Барсук расцвёл жуткой улыбкой.
Ярилов сидел, закрыв глаза. Вспоминал.
Горькие слова Азамата и залитый его кровью золотой плащ.
Танцующего на снегу сумасшедшего рязанского старика.
Ту тайную встречу с Батыем в ста верстах от Новгорода и золотого Кояша, несущегося сквозь паникующее монгольское становище возле озера Селигер…
И бесконечные пожарища, бесчисленные могилы по всей Восточной Европе, от Камы до Дуная, от Вислы до Савы.
– Нет.
Барсук повернулся. Переспросил:
– Я ослышался. Что ты сказал?
– Нет.
– Вот, я же говорил, – крикнул Барсук на брюнетов, – полегче, в голову не бейте. Человек пожилой, психически изношенный!
Брюнеты забормотали оправдания.

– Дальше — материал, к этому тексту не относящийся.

lemma has_derivative_if_continuous_partials:
  fixes f :: "real^'n::finite \<Rightarrow> real" and P :: "'n \<Rightarrow> real^'n \<Rightarrow> real"
  assumes S: "open S" "x \<in> S"
    and cont: "\<And>i. continuous_on S (P i)"
    and der: "\<And>i y. y \<in> S \<Longrightarrow> ((\<lambda>t. f (y + t *\<^sub>R axis i 1)) has_real_derivative P i y) (at 0)"
  shows "(f has_derivative (\<lambda>h. \<Sum>i\<in>UNIV. h$i * P i x)) (at x)"
  unfolding has_derivative_at_alt
proof (intro conjI allI impI)
  show "bounded_linear (\<lambda>h. \<Sum>i\<in>UNIV. h$i * P i x)"
    unfolding linear_conv_bounded_linear[symmetric]
    by (rule linearI) (auto simp: sum.distrib sum_distrib_left algebra_simps)
next
  fix e :: real assume "e > 0"
  define e' where "e' = e / real CARD('n)"
  have "e' > 0" using \<open>e > 0\<close> by (simp add: e'_def)
  have "\<forall>\<^sub>F y in at x. y \<in> S \<and> (\<forall>i. dist (P i y) (P i x) < e')"
  proof (intro eventually_conj eventually_all_finite)
    show "\<forall>\<^sub>F y in at x. y \<in> S"
      using S eventually_at_topological by blast
    fix i
    have "isCont (P i) x"
      using cont S continuous_on_eq_continuous_at by blast
    then show "\<forall>\<^sub>F y in at x. dist (P i y) (P i x) < e'"
      using \<open>e' > 0\<close> unfolding isCont_def tendsto_iff by blast
  qed
  then obtain d where "d > 0"
    and d: "\<And>y. 0 < dist y x \<Longrightarrow> dist y x < d \<Longrightarrow> y \<in> S \<and> (\<forall>i. dist (P i y) (P i x) < e')"
    unfolding eventually_at by auto
  have ball: "y \<in> S \<and> \<bar>P i y - P i x\<bar> \<le> e'" if "y \<in> ball x d" for i y
  proof (cases "y = x")
    case False
    then show ?thesis
      using d[of y] that by (auto simp: dist_commute dist_real_def abs_minus_commute less_imp_le)
  qed (use S \<open>e' > 0\<close> in auto)
  show "\<exists>d>0. \<forall>y. norm (y - x) < d \<longrightarrow>
          norm (f y - f x - (\<Sum>i\<in>UNIV. (y - x)$i * P i x)) \<le> e * norm (y - x)"
  proof (intro exI[of _ d] conjI allI impI)
    fix y assume y: "norm (y - x) < d"
    have "\<bar>f (x + (y - x)) - f x - (\<Sum>i\<in>UNIV. (y - x)$i * P i x)\<bar> \<le> e' * (\<Sum>i\<in>UNIV. \<bar>(y - x)$i\<bar>)"
      by (rule increment_bound_from_partials[OF der _ y]) (use ball in auto)
    also have "\<dots> \<le> e' * (\<Sum>i\<in>(UNIV::'n set). norm (y - x))"
      using \<open>e' > 0\<close> by (meson component_le_norm_cart less_imp_le mult_left_mono sum_mono)
    also have "\<dots> = e * norm (y - x)" by (simp add: e'_def)
    finally show "norm (f y - f x - (\<Sum>i\<in>UNIV. (y - x)$i * P i x)) \<le> e * norm (y - x)" by simp
  qed fact
qed

lemma smooth_on_has_derivative:
  fixes f :: "real^'n::finite \<Rightarrow> real"
  assumes "open S" "smooth_on S f" "x \<in> S"
  shows "(f has_derivative (\<lambda>h. \<Sum>i\<in>UNIV. h$i * pdiff f i x)) (at x)"
proof -
  obtain D where D: "D [] = f" "\<And>ks. continuous_on S (D ks)"
    "\<And>ks i y. y \<in> S \<Longrightarrow> ((\<lambda>t. D ks (y + t *\<^sub>R axis i 1)) has_real_derivative D (i # ks) y) (at 0)"
    using assms(2) unfolding smooth_on_def by blast
  have der: "((\<lambda>t. f (y + t *\<^sub>R axis i 1)) has_real_derivative D [i] y) (at 0)" if "y \<in> S" for i y
    using D(3)[OF that, of "[]" i] D(1) by simp
  have "pdiff f i x = D [i] x" for i
    unfolding pdiff_def using DERIV_imp_deriv[OF der[OF assms(3)]] .
  with has_derivative_if_continuous_partials[OF assms(1,3) D(2) der] show ?thesis by simp
qed

lemma mean_value_partials_convex:
  fixes f :: "real^'n::finite \<Rightarrow> real" and P :: "'n \<Rightarrow> real^'n \<Rightarrow> real"
  assumes "convex S"
    and der: "\<And>z. z \<in> S \<Longrightarrow> (f has_derivative (\<lambda>h. \<Sum>i\<in>UNIV. h$i * P i z)) (at z)"
    and "x \<in> S" "y \<in> S"
  obtains z where "z \<in> S" "f y - f x = (\<Sum>i\<in>UNIV. (y - x)$i * P i z)"
proof -
  have seg: "x + t *\<^sub>R (y - x) \<in> S" if "0 \<le> t" "t \<le> 1" for t
    using convexD_alt[OF \<open>convex S\<close> \<open>x \<in> S\<close> \<open>y \<in> S\<close> that] by (simp add: algebra_simps)
  have "((\<lambda>t. f (x + t *\<^sub>R (y - x))) has_real_derivative (\<Sum>i\<in>UNIV. (y - x)$i * P i (x + t *\<^sub>R (y - x)))) (at t)"
    if "0 \<le> t" "t \<le> 1" for t
  proof -
    have "((\<lambda>t. x + t *\<^sub>R (y - x)) has_derivative (\<lambda>t. t *\<^sub>R (y - x))) (at t)"
      by (auto intro!: derivative_eq_intros)
    from has_derivative_compose[OF this der[OF seg[OF that]]] show ?thesis
      unfolding has_field_derivative_def
      by (rule has_derivative_eq_rhs) (auto simp: fun_eq_iff sum_distrib_left mult_ac)
  qed
  from MVT2[OF zero_less_one this] obtain t where "0 < t" "t < 1"
    "f (x + 1 *\<^sub>R (y - x)) - f (x + 0 *\<^sub>R (y - x)) = (1 - 0) * (\<Sum>i\<in>UNIV. (y - x)$i * P i (x + t *\<^sub>R (y - x)))"
    by blast
  with seg[of t] that show ?thesis by auto
qed

lemma strict_mono_if_positive_partials:
  fixes f :: "real^'n::finite \<Rightarrow> real" and P :: "'n \<Rightarrow> real^'n \<Rightarrow> real"
  assumes "convex S"
    and der: "\<And>z. z \<in> S \<Longrightarrow> (f has_derivative (\<lambda>h. \<Sum>i\<in>UNIV. h$i * P i z)) (at z)"
    and pos: "\<And>z i. z \<in> S \<Longrightarrow> P i z > 0"
    and "x \<in> S" "y \<in> S" "\<And>i. x$i \<le> y$i" "x \<noteq> y"
  shows "f x < f y"
proof -
  obtain z where "z \<in> S" and z: "f y - f x = (\<Sum>i\<in>UNIV. (y - x)$i * P i z)"
    using mean_value_partials_convex[OF \<open>convex S\<close> der \<open>x \<in> S\<close> \<open>y \<in> S\<close>] by blast
  obtain k where "x$k \<noteq> y$k" using \<open>x \<noteq> y\<close> by (auto simp: vec_eq_iff)
  have "0 \<le> (y - x)$i * P i z" for i
    using assms(6)[of i] pos[OF \<open>z \<in> S\<close>, of i] by simp
  moreover have "0 < (y - x)$k * P k z"
    using \<open>x$k \<noteq> y$k\<close> assms(6)[of k] pos[OF \<open>z \<in> S\<close>, of k] by simp
  ultimately have "0 < (\<Sum>i\<in>UNIV. (y - x)$i * P i z)"
    by (intro sum_pos2[of _ k]) auto
  with z show ?thesis by simp
qed

lemma level_curve_below_ray:
  fixes f :: "real^'n::finite \<Rightarrow> real" and P :: "'n \<Rightarrow> real^'n \<Rightarrow> real"
    and g :: "real \<Rightarrow> real"
  assumes "convex S"
    and der: "\<And>z. z \<in> S \<Longrightarrow> (f has_derivative (\<lambda>h. \<Sum>i\<in>UNIV. h$i * P i z)) (at z)"
    and pos: "\<And>z i. z \<in> S \<Longrightarrow> P i z > 0"
    and a_pos: "\<And>i. a$i > 0"
    and ray: "\<And>v. v \<ge> 1 \<Longrightarrow> v *\<^sub>R a \<in> S"
    and curve: "\<And>v. v \<ge> 1 \<Longrightarrow> (\<chi> i. if i = j then g v else a$i * v) \<in> S"
    and level: "\<And>v. v \<ge> 1 \<Longrightarrow> f (\<chi> i. if i = j then g v else a$i * v) = f a"
  shows "g 1 = a$j" and "\<And>v. v > 1 \<Longrightarrow> g v < a$j * v"
proof -
  let ?X = "\<lambda>v. \<chi> i. if i = j then g v else a$i * v"
  note mono = strict_mono_if_positive_partials[OF \<open>convex S\<close> der pos]
  have "a \<in> S" using ray[of 1] by simp
  show "g 1 = a$j"
  proof (rule ccontr)
    assume "g 1 \<noteq> a$j"
    then consider "g 1 < a$j" | "g 1 > a$j" by linarith
    then show False
    proof cases
      case 1
      then have "f (?X 1) < f a"
        by (intro mono curve \<open>a \<in> S\<close>) (auto simp: vec_eq_iff)
      with level[of 1] show False by simp
    next
      case 2
      then have "f a < f (?X 1)"
        by (intro mono curve \<open>a \<in> S\<close>) (auto simp: vec_eq_iff)
      with level[of 1] show False by simp
    qed
  qed
  show "g v < a$j * v" if "v > 1" for v
  proof (rule ccontr)
    assume "\<not> g v < a$j * v"
    then have "v *\<^sub>R a = ?X v \<or> f (v *\<^sub>R a) < f (?X v)"
      using that by (auto intro!: mono ray curve simp: mult.commute)
    then have "f (v *\<^sub>R a) \<le> f a"
      using level[of v] that by auto
    moreover have "f a < f (v *\<^sub>R a)"
      using that a_pos by (intro mono ray \<open>a \<in> S\<close>) (auto simp: vec_eq_iff less_imp_neq[symmetric])
    ultimately show False by simp
  qed
qed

Пришелец повернулся к Ярилову:
– Повторяю медленно и чётко, специально для умственно отсталых и контуженых: ты идёшь с нами на Рим, потом берём всю Европу – и получаешь взамен детей. И валишь, куда угодно. Сицилию тебе подарим. Америку… Нет, Америка занята. Во, Австралию! Хочешь Австралию?
– Нет.
– Ты что, не любишь своих сыновей?
– Очень люблю. И страшно тоскую. Но пусть лучше у них будет мёртвый отец, которым они гордятся, чем живой, но предатель и трус. Нет.

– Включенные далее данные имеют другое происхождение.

(* Let $\square$ be a subcomplex of $I^n$, and let $S^k$ be a subcomplex of $\square$ isomorphic to $\partial I^{k+1}$, with $k\geq 1$. Then $S^k$ is a face-like subcomplex of $\square$ if and only if $S^k$ is not the boundary of a $(k+1)$-dimensional face of $\square$, i.e. $S^k\neq\partial\hat F$ for every $F\in\square$.
   Context: A cubical complex consists of a finite vertex set $V$ and a collection $\square$ of nonempty subsets of $V$ (faces) such that: every singleton is a face; for each face $F$ the poset $\hat F=\{G\in\square : G\subseteq F\}$ is isomorphic to the poset of nonempty faces of a cube (of dimension $\dim F$); and the intersection of two faces is empty or a face. $I^n$ is the $n$-cube as a cubical complex: vertex set $\{0,1\}^n$, faces indexed by $\{0,1,*\}^n$ (the face $(p_i)$ is the set of $x$ with $x_i=p_i$ whenever $p_i\ne *$). $\partial I^{m}$ is $I^m$ with the top face $( *,\dots,* )$ removed; for a face $F$, $\partial\hat F=\hat F\setminus\{F\}$. A subcomplex is a subset of vertices and faces forming a cubical complex; isomorphism means a vertex bijection mapping faces to faces in both directions. A subcomplex $\Gamma$ of $\square$ is face-like if for every face $F\in\square$, $F\cap V(\Gamma)$ is empty or a face of $\Gamma$. *)

theory Defs
  imports Main
begin

text \<open>Vertices of the cube I^n: boolean lists of length n.
  A face is indexed by p :: bool option list (None plays the role of *).\<close>

definition cube_vertices :: "nat \<Rightarrow> bool list set" where
  "cube_vertices n = {x. length x = n}"

definition cube_face :: "bool option list \<Rightarrow> bool list set" where
  "cube_face p = {x. length x = length p \<and> (\<forall>i<length p. p ! i \<noteq> None \<longrightarrow> x ! i = the (p ! i))}"

definition cube_faces :: "nat \<Rightarrow> bool list set set" where
  "cube_faces n = cube_face ` {p. length p = n}"

definition bd_cube_faces :: "nat \<Rightarrow> bool list set set" where
  "bd_cube_faces m = cube_faces m - {cube_face (replicate m None)}"

definition poset_iso :: "'a set set \<Rightarrow> 'b set set \<Rightarrow> bool" where
  "poset_iso A B \<longleftrightarrow> (\<exists>f. bij_betw f A B \<and> (\<forall>G\<in>A. \<forall>H\<in>A. G \<subseteq> H \<longleftrightarrow> f G \<subseteq> f H))"

definition faces_below :: "'a set set \<Rightarrow> 'a set \<Rightarrow> 'a set set" where
  "faces_below C F = {G \<in> C. G \<subseteq> F}"

definition bd_faces_below :: "'a set set \<Rightarrow> 'a set \<Rightarrow> 'a set set" where
  "bd_faces_below C F = faces_below C F - {F}"

definition cubical_complex :: "'a set \<Rightarrow> 'a set set \<Rightarrow> bool" where
  "cubical_complex V C \<longleftrightarrow>
     finite V \<and> (\<forall>F\<in>C. F \<noteq> {} \<and> F \<subseteq> V) \<and>
     (\<forall>v\<in>V. {v} \<in> C) \<and>
     (\<forall>F\<in>C. \<exists>m. poset_iso (faces_below C F) (cube_faces m)) \<and>
     (\<forall>F\<in>C. \<forall>G\<in>C. F \<inter> G = {} \<or> F \<inter> G \<in> C)"

definition subcomplex :: "'a set \<Rightarrow> 'a set set \<Rightarrow> 'a set \<Rightarrow> 'a set set \<Rightarrow> bool" where
  "subcomplex V' C' V C \<longleftrightarrow> V' \<subseteq> V \<and> C' \<subseteq> C \<and> cubical_complex V' C'"

definition complex_iso :: "'a set \<Rightarrow> 'a set set \<Rightarrow> 'b set \<Rightarrow> 'b set set \<Rightarrow> bool" where
  "complex_iso V C W D \<longleftrightarrow>
     (\<exists>\<phi>. bij_betw \<phi> V W \<and> (\<forall>F. F \<subseteq> V \<longrightarrow> (F \<in> C \<longleftrightarrow> \<phi> ` F \<in> D)))"

definition face_like :: "'a set \<Rightarrow> 'a set set \<Rightarrow> 'a set \<Rightarrow> 'a set set \<Rightarrow> bool" where
  "face_like V' C' V C \<longleftrightarrow> subcomplex V' C' V C \<and>
     (\<forall>F\<in>C. F \<inter> V' = {} \<or> F \<inter> V' \<in> C')"

end

theory Submission
  imports Defs
begin

text \<open>Let the sphere be given by an isomorphism from the boundary of I^(k+1), k \<ge> 1. Every edge
  of that boundary is a face of the sphere, hence a face of I^n, so the vertex bijection maps edges
  to edges of I^n. Since the images of the corners of a square of I^(k+1) again form a square, parallel
  edges are mapped to edges along the same coordinate; it follows that the vertex set of the sphere
  is a (k+1)-dimensional face P of I^n, and counting shows that the faces of the sphere are exactly
  the proper faces of P. A face G of the complex meets P in a face of I^n. If that is a proper face
  of P, it is a face of the sphere. Otherwise G contains P, and then P itself is a face of the complex
  (by counting, a face of a subcomplex of I^n carries all its subcubes), so that the sphere is the
  boundary of P.\<close>

definition flip :: "bool list \<Rightarrow> nat \<Rightarrow> bool list" where
  "flip x a = x[a := \<not> x ! a]"

lemma length_flip [simp]: "length (flip x a) = length x"
  by (simp add: flip_def)

lemma nth_flip: "a < length x \<Longrightarrow> flip x a ! j = (if j = a then \<not> x ! a else x ! j)"
  by (simp add: flip_def nth_list_update)

lemma flip_flip [simp]: "a < length x \<Longrightarrow> flip (flip x a) a = x"
  by (rule nth_equalityI) (auto simp: nth_flip)

lemma flip_neq: "a < length x \<Longrightarrow> flip x a \<noteq> x"
  by (metis nth_flip)

lemma flip_commute: "a < length x \<Longrightarrow> b < length x \<Longrightarrow> flip (flip x a) b = flip (flip x b) a"
  by (rule nth_equalityI) (auto simp: nth_flip)

lemma flip_eq_flip_iff: "a < length x \<Longrightarrow> b < length x \<Longrightarrow> flip x a = flip x b \<longleftrightarrow> a = b"
  by (metis nth_flip)

lemma flip_flip_eq_self_iff:
  "a < length x \<Longrightarrow> b < length x \<Longrightarrow> flip (flip x a) b = x \<longleftrightarrow> a = b"
  by (metis flip_flip flip_eq_flip_iff length_flip)

lemma flip_flip_eq_flip_flip:
  assumes "a < length x" "b < length x" "c < length x" "d < length x" "a \<noteq> b" "a \<noteq> c"
    and eq: "flip (flip x a) b = flip (flip x c) d"
  shows "d = a \<and> c = b"
proof -
  have "flip (flip x a) b ! a = flip (flip x c) d ! a" "flip (flip x a) b ! b = flip (flip x c) d ! b"
    using eq by simp_all
  then show ?thesis
    using assms(1-6) by (auto simp: nth_flip split: if_splits)
qed

subsection \<open>Faces of the cube\<close>

definition cube_dim :: "bool option list \<Rightarrow> nat" where
  "cube_dim p = length (filter (\<lambda>e. e = None) p)"

lemma cube_dim_simps [simp]:
  "cube_dim [] = 0"
  "cube_dim (e # p) = (if e = None then Suc (cube_dim p) else cube_dim p)"
  by (auto simp: cube_dim_def)

lemma cube_dim_eq_card: "cube_dim p = card {i. i < length p \<and> p ! i = None}"
  by (simp add: cube_dim_def length_filter_conv_card)

lemma cube_dim_replicate_None [simp]: "cube_dim (replicate m None) = m"
  by (induction m) auto

definition refinements :: "bool option list \<Rightarrow> bool option list set" where
  "refinements p = {q. length q = length p \<and> (\<forall>i<length p. p ! i \<noteq> None \<longrightarrow> q ! i = p ! i)}"

lemma cube_face_Cons:
  "cube_face (e # p) = (\<lambda>(c, x). c # x) ` ({c. e \<noteq> None \<longrightarrow> c = the e} \<times> cube_face p)"
proof (rule set_eqI)
  fix y
  show "y \<in> cube_face (e # p) \<longleftrightarrow> y \<in> (\<lambda>(c, x). c # x) ` ({c. e \<noteq> None \<longrightarrow> c = the e} \<times> cube_face p)"
    by (cases y) (auto simp: cube_face_def All_less_Suc2)
qed

lemma refinements_Cons:
  "refinements (e # p) = (\<lambda>(c, q). c # q) ` ({c. e \<noteq> None \<longrightarrow> c = e} \<times> refinements p)"
proof (rule set_eqI)
  fix y
  show "y \<in> refinements (e # p) \<longleftrightarrow> y \<in> (\<lambda>(c, q). c # q) ` ({c. e \<noteq> None \<longrightarrow> c = e} \<times> refinements p)"
    by (cases y) (auto simp: refinements_def All_less_Suc2)
qed

lemma inj_on_Cons_pair: "inj_on (\<lambda>(c, x). c # x) A"
  by (auto simp: inj_on_def)

lemma card_cube_face: "card (cube_face p) = 2 ^ cube_dim p"
proof (induction p)
  case Nil
  have "cube_face [] = {[]}" by (auto simp: cube_face_def)
  then show ?case by simp
next
  case (Cons e p)
  have "card {c. e \<noteq> None \<longrightarrow> c = the e} = (if e = None then 2 else 1)"
    by (cases e) auto
  then show ?case
    using Cons by (simp add: cube_face_Cons card_image[OF inj_on_Cons_pair] card_cartesian_product)
qed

Барсук помолчал. Потом сказал:
– Может, и к лучшему. Надоели твои капризы.
Подошёл, взял Ярилова за запястье. Достал из-под балахона странное устройство. Приложил к бронзовому браслету: тот мгновенно заискрил, засветился сиреневым. Дмитрий вздрогнул и поморщился: левую руку пронзила боль, словно прилично ударило током. Браслет щёлкнул и развалился на две части.
– Ну вот. Браслетик у нас есть, змею мы уже набили. А новый кандидат на управление Орхонским Мечом под окошком стоит, дожидается. Как хорошо, что ты, Ярилов, вовремя озаботился потомством, причём именно мужского пола.